April 15, 2019
Australia’s fastest growing disease is not only preventable but also reversible. There is a very good chance it has killed someone you know and love. Whilst type 2 diabetes itself doesn’t cause death, the complications brought on by it do, quite often in the form of heart disease. However, researchers are unanimous in the fact that the disease is reversible and that losing weight is the way to do it.
So why is the government and heath agencies dragging their feet?
That is what I would like to know!
It was back in 2006 that I first realised that what I was I had been taught at university was not quite effective. Sure, it worked for some people, just not the majority. So I started researching obesity related illnesses and their treatments and what I found, even back then, blew my mind. I began to implement these strategies and could not believe the results! This led me to start travelling to the largest International scientific obesity conferences each year. This changed my world forever!
I was introduced to a world of knowledge and scrutiny like I had never seen before. The knowledge was very similar to what I had been reading more recently, yet very different to what I had learnt at university or the advice given by health professionals. Sure, there were some disagreements between researchers on details but there was no doubt that there was a chasm between the advice we were currently giving, and the research being presented at these conferences.
Mingling with these great minds gave me confidence and over the years I have developed a program that utilises the latest research, and far exceeded even my own expectations. We’ve seen 53 shift workers at the Arnott’s biscuit factory lose 643kg in 10 weeks, 100 GWS Giants fans lose 1,612kg in 12 weeks (over the phone!), and people in remote NSW communities be taken off insulin by their doctor. The results are there. All of these people had either type 2 diabetes or heart disease and each improved their condition, many reducing or eliminating medications. We have been able to show that a scalable, cost effective format can be provided to all Australians who suffer from obesity related disease.
This has all been supported by a government report released last week.

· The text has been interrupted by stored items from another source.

(* Assume $f_1$ is $C^3$ and $f_2$ is $C^2$, that $\frac{D}{\gamma_2\lambda_Z(D)}>f_2'(\lambda_Z(D))$, and let $\mu_{c_2}>\mu_{c_1}(D,D)$ be a zero of $A$. Then there exist $\delta>0$ and $\rho>0$ such that for every $(D_1,D_2)$ with $D_1,D_2>0$ and $\|(D_1,D_2)-(D,D)\|<\rho$ the following hold for all $\mu\in[\mu_{c_2}-\delta,\mu_{c_2}+\delta]$ (all of which satisfy $\mu>\mu_{c_1}(D_1,D_2)$): (1) the Jacobian of $( * )$ at $E_2(\mu,D_1,D_2)$ has one negative real eigenvalue and a pair of nonreal complex conjugate eigenvalues $a(\mu)\pm i\omega(\mu)$, $\omega(\mu)\ne0$; (2) if, in addition, $f_1''(N(\mu_{c_2},D,D))<0$, then (after possibly shrinking $\delta$ and $\rho$) $a(\mu)$ is differentiable in $\mu$, $a'(\mu)>0$ on $[\mu_{c_2}-\delta,\mu_{c_2}+\delta]$, and there is $\mu^*=\mu^*(D_1,D_2)\in(\mu_{c_2}-\delta,\mu_{c_2}+\delta)$ with $a(\mu^* )=0$; in particular at $\mu^*$ the Jacobian has a pair of nonzero purely imaginary eigenvalues crossing the imaginary axis with $a'(\mu^* )>0$, while its third eigenvalue is negative.
   Context: Let $D,\gamma_1,\gamma_2>0$ and $f_1,f_2:[0,\infty)\to[0,\infty)$ bounded, continuously differentiable, $f_i(0)=0$, $f_i'>0$, with $\lim f_1>d/\gamma_1$, $\lim f_2>d/\gamma_2$ for all $d$ in a neighborhood of $D$. The system $( * )$ is $N'=(\mu-N)D-Pf_1(N)$, $P'=\gamma_1Pf_1(N)-D_1P-Zf_2(P)$, $Z'=\gamma_2Zf_2(P)-D_2Z$ with $D_1,D_2>0$ and parameter $\mu>0$. $\lambda_P(d),\lambda_Z(d)$ are defined by $f_1(\lambda_P(d))=d/\gamma_1$, $f_2(\lambda_Z(d))=d/\gamma_2$; $\mu_{c_1}(D_1,D_2)=\lambda_P(D_1)+D_1\lambda_Z(D_2)/(D\gamma_1)$. For $\mu>\mu_{c_1}(D_1,D_2)$, $N(\mu,D_1,D_2)$ is the unique $N\in(0,\mu)$ with $(\mu-N)D-\lambda_Z(D_2)f_1(N)=0$, $Z(\mu,D_1,D_2)=(\gamma_2/D_2)\lambda_Z(D_2)(\gamma_1f_1(N)-D_1)$, and $E_2(\mu,D_1,D_2)=(N,\lambda_Z(D_2),Z)$ is the coexistence equilibrium. For $\mu>\mu_{c_1}(D,D)$, $A(\mu)=Z(\mu,D,D)\bigl(\frac{D}{\gamma_2\lambda_Z(D)}-f_2'(\lambda_Z(D))\bigr)-\lambda_Z(D)f_1'(N(\mu,D,D))$ (twice the real part of the complex eigenvalue pair of the Jacobian at $E_2(\mu,D,D)$). *)

theory Defs
  imports "HOL-Analysis.Analysis"
begin

definition lvl :: "(real \<Rightarrow> real) \<Rightarrow> real \<Rightarrow> real" where
  "lvl f c = (THE x. 0 \<le> x \<and> f x = c)"

definition lamP :: "(real \<Rightarrow> real) \<Rightarrow> real \<Rightarrow> real \<Rightarrow> real" where
  "lamP f1 g1 d = lvl f1 (d / g1)"

definition lamZ :: "(real \<Rightarrow> real) \<Rightarrow> real \<Rightarrow> real \<Rightarrow> real" where
  "lamZ f2 g2 d = lvl f2 (d / g2)"

definition muc1 ::
  "(real \<Rightarrow> real) \<Rightarrow> (real \<Rightarrow> real) \<Rightarrow> real \<Rightarrow> real \<Rightarrow> real \<Rightarrow> real \<Rightarrow> real \<Rightarrow> real" where
  "muc1 f1 f2 D g1 g2 D1 D2 = lamP f1 g1 D1 + D1 * lamZ f2 g2 D2 / (D * g1)"

definition Neq ::
  "(real \<Rightarrow> real) \<Rightarrow> (real \<Rightarrow> real) \<Rightarrow> real \<Rightarrow> real \<Rightarrow> real \<Rightarrow> real \<Rightarrow> real \<Rightarrow> real \<Rightarrow> real" where
  "Neq f1 f2 D g1 g2 mu D1 D2 =
     (THE N. 0 < N \<and> N < mu \<and> (mu - N) * D - lamZ f2 g2 D2 * f1 N = 0)"

definition Zeq ::
  "(real \<Rightarrow> real) \<Rightarrow> (real \<Rightarrow> real) \<Rightarrow> real \<Rightarrow> real \<Rightarrow> real \<Rightarrow> real \<Rightarrow> real \<Rightarrow> real \<Rightarrow> real" where
  "Zeq f1 f2 D g1 g2 mu D1 D2 =
     (g2 / D2) * lamZ f2 g2 D2 * (g1 * f1 (Neq f1 f2 D g1 g2 mu D1 D2) - D1)"

definition E2 ::
  "(real \<Rightarrow> real) \<Rightarrow> (real \<Rightarrow> real) \<Rightarrow> real \<Rightarrow> real \<Rightarrow> real \<Rightarrow> real \<Rightarrow> real \<Rightarrow> real
     \<Rightarrow> real \<times> real \<times> real" where
  "E2 f1 f2 D g1 g2 mu D1 D2 =
     (Neq f1 f2 D g1 g2 mu D1 D2, lamZ f2 g2 D2, Zeq f1 f2 D g1 g2 mu D1 D2)"

text \<open>Jacobian matrix of the system (*) at the point (N,P,Z), where f1', f2'
  are the derivatives of f1, f2 (passed explicitly as df1, df2).
  Rows/columns ordered N, P, Z.\<close>
definition jac ::
  "(real \<Rightarrow> real) \<Rightarrow> (real \<Rightarrow> real) \<Rightarrow> (real \<Rightarrow> real) \<Rightarrow> (real \<Rightarrow> real)
   \<Rightarrow> real \<Rightarrow> real \<Rightarrow> real \<Rightarrow> real \<Rightarrow> real \<Rightarrow> real \<times> real \<times> real \<Rightarrow> real^3^3" where
  "jac f1 f2 df1 df2 D g1 g2 D1 D2 X =
     (case X of (N, P, Z) \<Rightarrow>
       vector [
         vector [- D - P * df1 N, - f1 N, 0],
         vector [g1 * P * df1 N, g1 * f1 N - D1 - Z * df2 P, - f2 P],
         vector [0, g2 * Z * df2 P, g2 * f2 P - D2]])"

definition eigenvalues :: "real^'n^'n \<Rightarrow> complex set" where
  "eigenvalues M = {l. \<exists>v :: complex^'n. v \<noteq> 0 \<and>
      (\<chi> i j. complex_of_real (M $ i $ j)) *v v = l *s v}"

definition Afun ::
  "(real \<Rightarrow> real) \<Rightarrow> (real \<Rightarrow> real) \<Rightarrow> (real \<Rightarrow> real) \<Rightarrow> (real \<Rightarrow> real)
   \<Rightarrow> real \<Rightarrow> real \<Rightarrow> real \<Rightarrow> real \<Rightarrow> real" where
  "Afun f1 f2 df1 df2 D g1 g2 mu =
     Zeq f1 f2 D g1 g2 mu D D * (D / (g2 * lamZ f2 g2 D) - df2 (lamZ f2 g2 D))
     - lamZ f2 g2 D * df1 (Neq f1 f2 D g1 g2 mu D D)"

end

theory Submission
  imports Defs
begin

text \<open>At \<open>D1 = D2 = D\<close> the total mass \<open>N + P/\<gamma>1 + Z/(\<gamma>1 \<gamma>2)\<close> obeys \<open>x' = D (\<mu> - x)\<close>,
  so \<open>-D\<close> is an eigenvalue of the Jacobian at \<open>E2\<close> for every \<open>\<mu>\<close>. The Jacobian is tridiagonal
  with characteristic polynomial \<open>\<lambda>\<^sup>3 + c2 \<lambda>\<^sup>2 + c1 \<lambda> + c0\<close>, and at \<open>(\<mu>, D, D)\<close> the condition
  \<open>A(\<mu>) = 0\<close> reads \<open>c2 = D\<close>; hence at \<open>\<mu>c2\<close> it factors as \<open>(\<lambda> + D)(\<lambda>\<^sup>2 + c1)\<close> with \<open>c1 > 0\<close>, a negative discriminant
  and a purely imaginary pair. A negative discriminant persists near \<open>(\<mu>c2, D, D)\<close>, and there the
  real root \<open>r\<close> of a cubic, and with it the real part \<open>a = -(c2 + r)/2\<close> of the complex pair,
  depends continuously on the coefficients and is differentiable in \<open>\<mu>\<close> by implicit
  differentiation. At \<open>(\<mu>c2, D, D)\<close> one has \<open>a = 0\<close> and, when \<open>f1''(N) < 0\<close>, \<open>a' > 0\<close>; by
  continuity \<open>a' > c > 0\<close> on a box around it while \<open>a(\<mu>c2)\<close> is small, so \<open>a\<close> crosses zero.\<close>

lemma tendsto_The:
  fixes x0 :: real
  assumes unique: "eventually (\<lambda>y. \<forall>x x'. P y x \<longrightarrow> P y x' \<longrightarrow> x = x') F"
    and close: "\<And>e. 0 < e \<Longrightarrow> eventually (\<lambda>y. \<exists>x. \<bar>x - x0\<bar> < e \<and> P y x) F"
  shows "((\<lambda>y. THE x. P y x) \<longlongrightarrow> x0) F"
proof (rule tendstoI)
  fix e :: real assume "0 < e"
  from eventually_conj[OF unique close[OF this]]
  show "eventually (\<lambda>y. dist (THE x. P y x) x0 < e) F"
  proof (rule eventually_mono)
    fix y assume h: "(\<forall>x x'. P y x \<longrightarrow> P y x' \<longrightarrow> x = x') \<and> (\<exists>x. \<bar>x - x0\<bar> < e \<and> P y x)"
    then obtain x where x: "\<bar>x - x0\<bar> < e" "P y x" by blast
    have "(THE x. P y x) = x" using h x by (intro the_equality) auto
    thus "dist (THE x. P y x) x0 < e" using x by (simp add: dist_real_def)
  qed
qed

lemma eventually_nhds_pair_box:
  fixes x0 :: real and y0 :: "'a::metric_space"
  assumes "eventually P (nhds (x0, y0))"
  obtains e where "0 < e" "\<And>x y. \<bar>x - x0\<bar> \<le> e \<Longrightarrow> dist y y0 < e \<Longrightarrow> P (x, y)"
proof -
  obtain e where e: "0 < e" "\<And>z. dist z (x0, y0) < e \<Longrightarrow> P z"
    using assms unfolding eventually_nhds_metric by blast
  have "P (x, y)" if "\<bar>x - x0\<bar> \<le> e/3" "dist y y0 < e/3" for x y
  proof (rule e(2))
    have "dist (x, y) (x0, y0) \<le> dist x x0 + dist y y0"
      unfolding dist_Pair_Pair by (rule sqrt_sum_squares_le_sum) auto
    also have "\<dots> < e" using that e(1) by (simp add: dist_real_def)
    finally show "dist (x, y) (x0, y0) < e" .
  qed
  thus thesis using e(1) by (intro that[of "e/3"]) auto
qed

Last year the Western Australian government held an investigation into the role of food in treating diabetes. They had leading researchers present to their committee and they travelled the globe to learn from programs where diabetes was being reversed. The report released a few days ago, reported that the government didn’t really know how many people with diabetes there were, and exactly how much they were spending on treating the disease. It was also noted that the indirect cost to the economy (time off work and welfare payments) exceeded the costs of directly treating the disease.
On reversing the type 2 diabetes, they found that weight loss was the key to achieving remission. Also, that meal replacement shakes and low carbohydrate diets were very effective and should be formally offered as management options. Bariatric surgery should also be offered for those with major metabolic conditions. In essence, they have provided a comprehensive plan to combat chronic disease in their state.
But will this just fall on deaf ears? The fact is we have known type 2 diabetes has been reversible for many years. Back in 1984, Professor Kerin O’Dea showed how the disease could be reversed in 7 weeks through lifestyle change, and there has been much done since then. Professor Mike Lean has recently shown that weight loss programs provided by medical centres can provide great long term outcomes for patients with type 2 diabetes. Almost 50% of all patients were in complete remission of diabetes and high blood pressure with an average weight loss of just 5kg. Of those who lost 10kg or more the remission rate increased to 75%!
Millions of dollars are pumped into treatments each year and even though the outcomes are poor, there is very little evaluation of our practices and outcomes. It seems that even though researchers agree that lifestyle management programs are key to success, they are mostly given lip service and the primary treatment is in the form of medications. This format has been proven to be highly ineffective, as highlighted in the Grattan report of 2016, ‘Chronic Failure in Primary Care’.
So, when will the treatments we have access to fully align with the latest research? How many more Australians must die prematurely? There is no doubt the paradigm shift is happening!